lemma sqrt_perturbed_weight_insert_ge:
  assumes "m \<ge> 1" "\<bar>\<epsilon>\<bar> \<le> 1" "j < m" "j \<notin> S"
  shows "(perturbed_weight \<epsilon> m S i + perturbed_weight \<epsilon> m (insert j S) i) / 2
           - (if i \<in> {2 * j, Suc (2 * j)} then \<epsilon>\<^sup>2 / (2 * m) else 0)
         \<le> sqrt (perturbed_weight \<epsilon> m S i * perturbed_weight \<epsilon> m (insert j S) i)"
    (is "(?a + ?b) / 2 - _ \<le> sqrt (?a * ?b)")
proof (cases "i \<in> {2 * j, Suc (2 * j)}")
  case True
  with assms(3,4) have product: "?a * ?b = (1 - \<epsilon>\<^sup>2) / (2 * m)\<^sup>2" and sum: "?a + ?b = 1 / m"
    using pair_mass_mult_not[of \<epsilon> m False] pair_mass_mult_not[of \<epsilon> m True]
      pair_mass_add_not[OF assms(1), of \<epsilon> False] pair_mass_add_not[OF assms(1), of \<epsilon> True]
    by (auto simp: perturbed_weight_pair)
  have "0 \<le> 1 - \<epsilon>\<^sup>2" "1 - \<epsilon>\<^sup>2 \<le> 1"
    using assms(2) by (simp_all add: abs_square_le_1)
  then have "1 - \<epsilon>\<^sup>2 \<le> sqrt (1 - \<epsilon>\<^sup>2)"
    by (intro real_le_rsqrt) (simp add: power2_eq_square mult_left_le)
  then have "(1 - \<epsilon>\<^sup>2) / (2 * m) \<le> sqrt (1 - \<epsilon>\<^sup>2) / (2 * m)"
    by (simp add: divide_right_mono)
  moreover have "sqrt (?a * ?b) = sqrt (1 - \<epsilon>\<^sup>2) / (2 * m)"
    using product \<open>0 \<le> 1 - \<epsilon>\<^sup>2\<close> by (intro real_sqrt_unique) (simp_all add: power_divide)
  moreover have "(?a + ?b) / 2 - \<epsilon>\<^sup>2 / (2 * m) = (1 - \<epsilon>\<^sup>2) / (2 * m)"
    unfolding sum using assms(1) by (simp add: field_simps)
  ultimately show ?thesis
    using True by simp
next
  case False
  then have "i div 2 \<noteq> j"
    by auto
  then have "?b = ?a"
    by (simp add: perturbed_weight_def)
  then show ?thesis
    using False assms(2) by (simp add: perturbed_weight_def pair_mass_nonneg)
qed

lemma sum_sqrt_pmf_perturbed_pmf_insert:
  assumes "m \<ge> 1" "2 * m \<le> CARD('a)" "\<bar>\<epsilon>\<bar> \<le> 1" "j < m" "j \<notin> S"
  shows "1 - \<epsilon>\<^sup>2 / m \<le> (\<Sum>x\<in>UNIV. sqrt (pmf (perturbed_pmf \<epsilon> m S :: 'a::finite pmf) x
                                        * pmf (perturbed_pmf \<epsilon> m (insert j S) :: 'a pmf) x))"
proof -
  let ?a = "perturbed_weight \<epsilon> m S" and ?b = "perturbed_weight \<epsilon> m (insert j S)"
  let ?loss = "\<lambda>i. if i \<in> {2 * j, Suc (2 * j)} then \<epsilon>\<^sup>2 / (2 * m) else 0"
  have "(\<Sum>i<CARD('a). ?loss i) = (\<Sum>i\<in>{2 * j, Suc (2 * j)}. ?loss i)"
    using assms(2,4) by (intro sum.mono_neutral_right) auto
  also have "\<dots> = \<epsilon>\<^sup>2 / m"
    by simp
  finally have "1 - \<epsilon>\<^sup>2 / m = (\<Sum>i<CARD('a). (?a i + ?b i) / 2 - ?loss i)"
    using assms(1,2) by (simp add: sum_subtractf sum.distrib sum_perturbed_weight flip: sum_divide_distrib)
  also have "\<dots> \<le> (\<Sum>i<CARD('a). sqrt (?a i * ?b i))"
    using assms(1,3-5) by (intro sum_mono sqrt_perturbed_weight_insert_ge)
  also have "\<dots> = (\<Sum>x\<in>UNIV. sqrt (pmf (perturbed_pmf \<epsilon> m S :: 'a pmf) x
                                   * pmf (perturbed_pmf \<epsilon> m (insert j S) :: 'a pmf) x))"
    using assms(1-3) by (simp add: sum_UNIV_of_index pmf_perturbed_pmf to_index_of_index)
  finally show ?thesis .
qed

lemma sum_pmf_replicate_pmf: "(\<Sum>xs | length xs = n. pmf (replicate_pmf n p) xs) = 1"
  for p :: "'a::finite pmf"
  using expectation_replicate_pmf_finite[of n p "\<lambda>_. 1"] by simp

lemma overlap_replicate_perturbed_pmf:
  assumes "m \<ge> 1" "2 * m \<le> CARD('a)" "\<bar>\<epsilon>\<bar> \<le> 1" "j < m" "j \<notin> S" "n * \<epsilon>\<^sup>2 \<le> m"
  shows "(1 - n * \<epsilon>\<^sup>2 / m)\<^sup>2 / 2
           \<le> (\<Sum>xs | length xs = n. min (pmf (replicate_pmf n (perturbed_pmf \<epsilon> m S :: 'a::finite pmf)) xs)
                                          (pmf (replicate_pmf n (perturbed_pmf \<epsilon> m (insert j S))) xs))"
proof -
  let ?p = "perturbed_pmf \<epsilon> m S :: 'a pmf" and ?q = "perturbed_pmf \<epsilon> m (insert j S) :: 'a pmf"
  have "\<epsilon>\<^sup>2 \<le> 1"
    using assms(3) by (simp add: abs_square_le_1)
  with assms(1) have "\<epsilon>\<^sup>2 / m \<le> 1"
    by (simp add: field_simps)
  then have "1 - n * \<epsilon>\<^sup>2 / m \<le> (1 - \<epsilon>\<^sup>2 / m) ^ n"
    using Bernoulli_inequality[of "- (\<epsilon>\<^sup>2 / m)" n] by simp
  also have "\<dots> \<le> (\<Sum>x\<in>UNIV. sqrt (pmf ?p x * pmf ?q x)) ^ n"
    using \<open>\<epsilon>\<^sup>2 / m \<le> 1\<close> by (intro power_mono sum_sqrt_pmf_perturbed_pmf_insert assms(1-5)) simp
  also have "\<dots> = (\<Sum>xs | length xs = n. sqrt (pmf (replicate_pmf n ?p) xs * pmf (replicate_pmf n ?q) xs))"
    by (rule sum_sqrt_pmf_replicate_pmf[symmetric])
  finally have "(1 - n * \<epsilon>\<^sup>2 / m)\<^sup>2
      \<le> (\<Sum>xs | length xs = n. sqrt (pmf (replicate_pmf n ?p) xs * pmf (replicate_pmf n ?q) xs))\<^sup>2"
    using assms(1,6) by (intro power_mono) (simp_all add: field_simps)
  also have "\<dots> / 2 \<le> (\<Sum>xs | length xs = n. min (pmf (replicate_pmf n ?p) xs) (pmf (replicate_pmf n ?q) xs))"
    by (rule sum_min_ge_half_sq_sum_sqrt_mult) (simp_all add: sum_pmf_replicate_pmf)
  finally show ?thesis
    by (simp add: divide_right_mono)
qed

lemma integrable_tv_dist: "integrable (measure_pmf M) (tv_dist P)"
  by (rule measure_pmf.integrable_const_bound[where B = 1])
     (simp_all add: tv_dist_nonneg tv_dist_le_1)

lemma risk_hamming:
  fixes P :: "'a::finite pmf"
  assumes "0 \<le> \<delta>" "0 < r"
  shows "risk (hamming_metric \<delta>) r n est P
           = \<delta> powr r * measure_pmf.expectation (replicate_pmf n P)
                           (\<lambda>xs. measure_pmf.expectation (est xs) (tv_dist P))"
  using assms by (simp add: risk_def wasserstein_hamming_powr del: replicate_pmf.simps)

lemma risk_hamming_le:
  fixes P :: "'a::finite pmf"
  assumes "0 \<le> \<delta>" "0 < r"
  shows "risk (hamming_metric \<delta>) r n est P \<le> \<delta> powr r"
proof -
  have "measure_pmf.expectation (est xs) (tv_dist P) \<le> 1" for xs
    by (intro measure_pmf.integral_le_const integrable_tv_dist) (simp add: tv_dist_le_1)
  then have "measure_pmf.expectation (replicate_pmf n P) (\<lambda>xs. measure_pmf.expectation (est xs) (tv_dist P)) \<le> 1"
    by (intro measure_pmf.integral_le_const) (simp_all del: replicate_pmf.simps)
  then show ?thesis
    using assms by (simp add: risk_hamming mult_left_le)
qed

lemma expectation_pair_loss_le_tv_dist:
  assumes "m \<ge> 1" "2 * m \<le> CARD('a)" "\<bar>\<epsilon>\<bar> \<le> 1"
  shows "(\<Sum>j<m. measure_pmf.expectation M (pair_loss \<epsilon> m j (j \<in> S)))
           \<le> measure_pmf.expectation M (tv_dist (perturbed_pmf \<epsilon> m S :: 'a::finite pmf))"
proof -
  have "(\<Sum>j<m. measure_pmf.expectation M (pair_loss \<epsilon> m j (j \<in> S)))
      = measure_pmf.expectation M (\<lambda>Q. \<Sum>j<m. pair_loss \<epsilon> m j (j \<in> S) Q)"
    by (rule Bochner_Integration.integral_sum[symmetric]) (rule integrable_pair_loss)
  also have "\<dots> \<le> measure_pmf.expectation M (tv_dist (perturbed_pmf \<epsilon> m S))"
    by (intro integral_mono Bochner_Integration.integrable_sum integrable_pair_loss
        integrable_tv_dist tv_dist_perturbed_pmf_ge assms)
  finally show ?thesis .
qed

lemma expectation_pair_loss_True_add_False:
  assumes "m \<ge> 1" "0 \<le> \<epsilon>"
  shows "\<epsilon> / m \<le> measure_pmf.expectation M (pair_loss \<epsilon> m j True)
                 + measure_pmf.expectation M (pair_loss \<epsilon> m j False)"
proof -
  have "\<epsilon> / m \<le> measure_pmf.expectation M (\<lambda>Q. pair_loss \<epsilon> m j True Q + pair_loss \<epsilon> m j False Q)"
    by (intro measure_pmf.integral_ge_const Bochner_Integration.integrable_add integrable_pair_loss
        AE_I2 pair_loss_True_add_False assms)
  also have "\<dots> = measure_pmf.expectation M (pair_loss \<epsilon> m j True)
                 + measure_pmf.expectation M (pair_loss \<epsilon> m j False)"
    by (intro Bochner_Integration.integral_add integrable_pair_loss)
  finally show ?thesis .
qed

lemma risk_perturbed_pmf_ge:
  fixes est :: "'a::finite list \<Rightarrow> 'a pmf pmf"
  assumes "m \<ge> 1" "2 * m \<le> CARD('a)" "\<bar>\<epsilon>\<bar> \<le> 1" "0 \<le> \<delta>" "0 < r"
  shows "\<delta> powr r * (\<Sum>xs | length xs = n. pmf (replicate_pmf n (perturbed_pmf \<epsilon> m S)) xs
            * (\<Sum>j<m. measure_pmf.expectation (est xs) (pair_loss \<epsilon> m j (j \<in> S))))
         \<le> risk (hamming_metric \<delta>) r n est (perturbed_pmf \<epsilon> m S)"
  using assms expectation_pair_loss_le_tv_dist[OF assms(1-3)]
  by (auto simp: risk_hamming expectation_replicate_pmf_finite
      intro!: mult_left_mono sum_mono simp del: replicate_pmf.simps)

lemma sum_le_card_mult_SUP:
  fixes f :: "'b \<Rightarrow> real"
  assumes "bdd_above (range f)"
  shows "(\<Sum>x\<in>A. f (g x)) \<le> card A * (SUP y. f y)"
proof -
  have "(\<Sum>x\<in>A. f (g x)) \<le> (\<Sum>x\<in>A. SUP y. f y)"
    using assms by (intro sum_mono cSUP_upper) simp_all
  then show ?thesis
    by simp
qed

--- --- ---

### TASK OBJECTIVE
Return exactly the lines that run from the top of the listing above to the line containing "- (if i \<in>", please, keeping both end lines and leaving out everything else.

### REPLY TO THE TASK
lemma sqrt_perturbed_weight_insert_ge:
  assumes "m \<ge> 1" "\<bar>\<epsilon>\<bar> \<le> 1" "j < m" "j \<notin> S"
  shows "(perturbed_weight \<epsilon> m S i + perturbed_weight \<epsilon> m (insert j S) i) / 2
           - (if i \<in> {2 * j, Suc (2 * j)} then \<epsilon>\<^sup>2 / (2 * m) else 0)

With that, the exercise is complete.